Pros: Very easy to understand and to use right.
Cons: It would be hard to link together multiple such implementations.
Conditionally compile in custom anchors, i.e;.:
in CompilationDatabase.cpp: #ifdef COMPILATION_DATABASE_ANCHORS
COMPILATION_DATABASE_ANCHORS; #endif
And then e.g. “-DCOMPILATION_DATABASE_ANCHORS=‘extern volatile int MyAnchorSource; static int MyAnchorDest = MyAnchorSource;’”
Pros: Multiple custom compilation databases can be added. Nice clean separation (conditional code can be somewhere on the bottom of “CompilationDatabase.cpp”.
Cons: Seems a bit tangled and easy to get the -D part wrong.
I will try to get #2 to work (possibly simplifying it a bit with more macros :-/). Does anyone see a better solution?
Or maybe:
- add a private field 'hook' in CompilationDatabase (a function pointer
to the user callback),
- initialize it by default to NULL
- add a setter to CompilationDatabase for this hook field
- and use the hook if non null in findCompilationDatabaseFromDirectory
The burden of linking in the other required libraries is left to the
user of the hook --- which seems good to me : we can not generally
decide for the user which libraries should be linked in.
This can probably be extended by changing the hook to a vector (of
hooks). This would allow registering several user backends to a specific
CompilationDatabase instance, and have it try to use them in turn, until
one succeed.
Or maybe:
- add a private field 'hook' in CompilationDatabase (a function pointer to
the user callback),
- initialize it by default to NULL
- add a setter to CompilationDatabase for this hook field
This is the problematic part, as it requires changing the tool's code
for each environment, if I understand you correctly. One of the
reasons we want the plugins is that we can use upstream clang tools
without keeping a branch that changes their code to register our
internal environment stuff.
That said, the latest version of CMake already has support for JSON +
Ninja -- we didn't contribute it, so I don't know what strategy they
followed, but you should look at that and talk to the ninja and CMake
developers before going too far here.
I wrote it and pretty much followed the same thing Manuel did in the
Makefile generator.
The commit which actually adds the feature is trivial:
As Chandler said, it's not in a release yet, but will be in the next release
in a few weeks.
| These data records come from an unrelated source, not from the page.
definition fo_approximant_to ::
  "('m::order oword \<Rightarrow> 'm) \<Rightarrow> 'm oword set \<Rightarrow> 'm set \<Rightarrow> ('m oword \<Rightarrow> 'm) \<Rightarrow> bool" where
  "fo_approximant_to \<pi> L Y \<rho> \<longleftrightarrow> fo_definable L \<and> fo_definable_map L \<rho> \<and>
     (\<forall>u\<in>L. \<pi> u \<le> \<rho> u \<and> \<rho> u \<in> Y)"

definition plus_lang :: "'m \<Rightarrow> 'm oword set" where
  "plus_lang a = {u. valid_word u \<and> finite (pos u) \<and> pos u \<noteq> {} \<and> (\<forall>i\<in>pos u. snd u i = a)}"

end

theory Submission
  imports Defs
begin

text \<open>On a word u of a+ the product is a^|u|. The powers of a in the finite monoid are
eventually periodic, so from some threshold i on a^n coincides with a^(!+n), which the merge
axioms bound by a\<sharp>. Hence \<rho>(u) = a^|u| for |u| < i and \<rho>(u) = a\<sharp> otherwise is an approximant
with values in the closure of {a} under product and merge. It depends only on min(|u|, i),
and first-order logic counts positions up to a fixed bound. It also defines a+ itself: a
well-ordered word is finite and nonempty iff it has a last position and every non-first
position has an immediate predecessor.\<close>

section \<open>Finite well-orders\<close>

lemma Linear_order_notin_underS:
  assumes "Linear_order r" "x \<in> Field r" "y \<in> Field r" "x \<notin> underS r y"
  shows "(y, x) \<in> r"
  using assms Linear_order_in_diff_Id[of r y x] by (auto simp: underS_def)

lemma Linear_order_finite_has_max:
  assumes lin: "Linear_order r" and S: "finite S" "S \<noteq> {}" "S \<subseteq> Field r"
  shows "\<exists>m\<in>S. \<forall>s\<in>S. (s, m) \<in> r"
  using S
proof (induction S rule: finite_ne_induct)
  case (singleton x)
  then have "(x, x) \<in> r" using Linear_order_notin_underS[OF lin _ _ underS_notIn] by simp
  then show ?case by simp
next
  case (insert x S)
  then obtain m where m: "m \<in> S" "\<forall>s\<in>S. (s, m) \<in> r" by auto
  have x: "x \<in> Field r" and "m \<in> Field r" using insert m by auto
  then consider "(x, m) \<in> r" | "(m, x) \<in> r"
    using Linear_order_notin_underS[OF lin] by (auto simp: underS_def)
  then show ?case
  proof cases
    case 1
    then show ?thesis using m by auto
  next
    case 2
    have "trans r" using lin by (simp add: order_on_defs)
    then have "\<forall>s\<in>S. (s, x) \<in> r" using 2 m(2) by (meson transD)
    moreover have "(x, x) \<in> r" using Linear_order_notin_underS[OF lin x x underS_notIn] .
    ultimately show ?thesis by blast
  qed
qed

lemma max_notin_underS:
  assumes "antisym r" "m \<in> S" "\<forall>s\<in>S. (s, m) \<in> r" "y \<in> S"
  shows "m \<notin> underS r y"
  using assms by (auto simp: underS_def dest: antisymD)

lemma Suc_le_card_iff_underS:
  assumes lin: "Linear_order r" and S: "finite S" "S \<subseteq> Field r"
    and down: "\<And>p. p \<in> S \<Longrightarrow> underS r p \<subseteq> S"
  shows "Suc k \<le> card S \<longleftrightarrow> (\<exists>p\<in>S. k \<le> card (underS r p))"
proof
  assume k: "Suc k \<le> card S"
  then have "S \<noteq> {}" by auto
  then obtain p where p: "p \<in> S" "\<forall>s\<in>S. (s, p) \<in> r"
    using Linear_order_finite_has_max[OF lin S(1) _ S(2)] by blast
  have "S - {p} \<subseteq> underS r p" using p(2) by (auto simp: underS_def)
  then have "card (S - {p}) \<le> card (underS r p)"
    by (rule card_mono[OF finite_subset[OF down[OF p(1)] S(1)]])
  then have "k \<le> card (underS r p)" using k p(1) S(1) by simp
  then show "\<exists>p\<in>S. k \<le> card (underS r p)" using p(1) by blast
next
  assume "\<exists>p\<in>S. k \<le> card (underS r p)"
  then obtain p where p: "p \<in> S" "k \<le> card (underS r p)" by blast
  have "insert p (underS r p) \<subseteq> S" using p(1) down by auto
  then have "card (insert p (underS r p)) \<le> card S" by (rule card_mono[OF S(1)])
  then show "Suc k \<le> card S"
    using p finite_subset[OF down[OF p(1)] S(1)] by (simp add: underS_notIn)
qed

lemma Well_order_finite_iff_max_pred:
  assumes wo: "Well_order r"
  shows "finite (Field r) \<and> Field r \<noteq> {} \<longleftrightarrow>
     (\<exists>m\<in>Field r. \<forall>y\<in>Field r. m \<notin> underS r y) \<and>
     (\<forall>y\<in>Field r. underS r y \<noteq> {} \<longrightarrow> (\<exists>z\<in>underS r y. \<forall>w\<in>underS r y. z \<notin> underS r w))"
    (is "_ \<longleftrightarrow> ?max \<and> ?pred")
proof
  have lin: "Linear_order r" and antisym: "antisym r" using wo by (simp_all add: order_on_defs)
  assume fin: "finite (Field r) \<and> Field r \<noteq> {}"
  then obtain m where "m \<in> Field r" "\<forall>s\<in>Field r. (s, m) \<in> r"
    using Linear_order_finite_has_max[OF lin] by blast
  then have ?max using max_notin_underS[OF antisym] by blast
  moreover have ?pred
  proof (intro ballI impI)
    fix y assume "y \<in> Field r" "underS r y \<noteq> {}"
    moreover have "finite (underS r y)"
      by (rule finite_subset[OF Order_Relation.underS_Field conjunct1[OF fin]])
    ultimately obtain z where "z \<in> underS r y" "\<forall>w\<in>underS r y. (w, z) \<in> r"
      using Linear_order_finite_has_max[OF lin _ _ Order_Relation.underS_Field] by blast
    then show "\<exists>z\<in>underS r y. \<forall>w\<in>underS r y. z \<notin> underS r w"
      using max_notin_underS[OF antisym] by blast
  qed
  ultimately show "?max \<and> ?pred" ..
next
  have lin: "Linear_order r" and wf: "wf (r - Id)" using wo by (simp_all add: order_on_defs)
  assume max_pred: "?max \<and> ?pred"
  have "finite (underS r x)" if "x \<in> Field r" for x
    using that
  proof (induction x rule: wf_induct_rule[OF wf])
    case (1 x)
    show ?case
    proof (cases "underS r x = {}")
      case False
      with max_pred "1.prems" obtain z
        where z: "z \<in> underS r x" "\<forall>w\<in>underS r x. z \<notin> underS r w" by blast
      have zF: "z \<in> Field r" by (rule subsetD[OF Order_Relation.underS_Field z(1)])
      have "underS r x \<subseteq> insert z (underS r z)"
      proof
        fix w assume w: "w \<in> underS r x"
        have "w \<in> Field r" by (rule subsetD[OF Order_Relation.underS_Field w])
        then have "(w, z) \<in> r"
          using Linear_order_notin_underS[OF lin zF _ z(2)[rule_format, OF w]] by simp
        then show "w \<in> insert z (underS r z)" by (auto simp: underS_def)
      qed
      moreover have "(z, x) \<in> r - Id" using z(1) by (auto simp: underS_def)
      then have "finite (underS r z)" using "1.IH" zF by blast
      ultimately show ?thesis by (simp add: finite_subset)
    qed simp
  qed
  moreover obtain m where m: "m \<in> Field r" "\<forall>y\<in>Field r. m \<notin> underS r y"
    using max_pred by blast
  moreover have "Field r \<subseteq> insert m (underS r m)"
  proof
    fix y assume "y \<in> Field r"
    then have "(y, m) \<in> r" using Linear_order_notin_underS[OF lin m(1)] m(2) by blast
    then show "y \<in> insert m (underS r m)" by (auto simp: underS_def)
  qed
  ultimately have "finite (Field r)" using finite_subset by blast
  then show "finite (Field r) \<and> Field r \<noteq> {}" using m(1) by blast
qed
Feel free to test the release candidate (I would appreciate
if you did)
I know multiple people who are refusing to work without this any more,
I've been using it since it landed in "next". So consider this part
pretty well tested (at least on the llvm codebase).
Attached is a patch to do most of this restructuring, kindly asking for review.
In particular, it does:
Restructure the compilation database architecture to using LLVM’s registry concept. It should now be possible to link in additional compilation databases.
Separate the JSONCompilationDatabase from CompilationDatabase to show the loose coupling and serve as an example.
I'd like the class-comment for JSONCompilationDatabase to still
include what's now in the file comment, so it's visible in doxygen.
Also, I'd prefer to use a result value to capture the error message
instead of llvm::outs'ing in findCompilationDatabaseFromDirectory.
Perhaps we should also switch this to Diagnostics?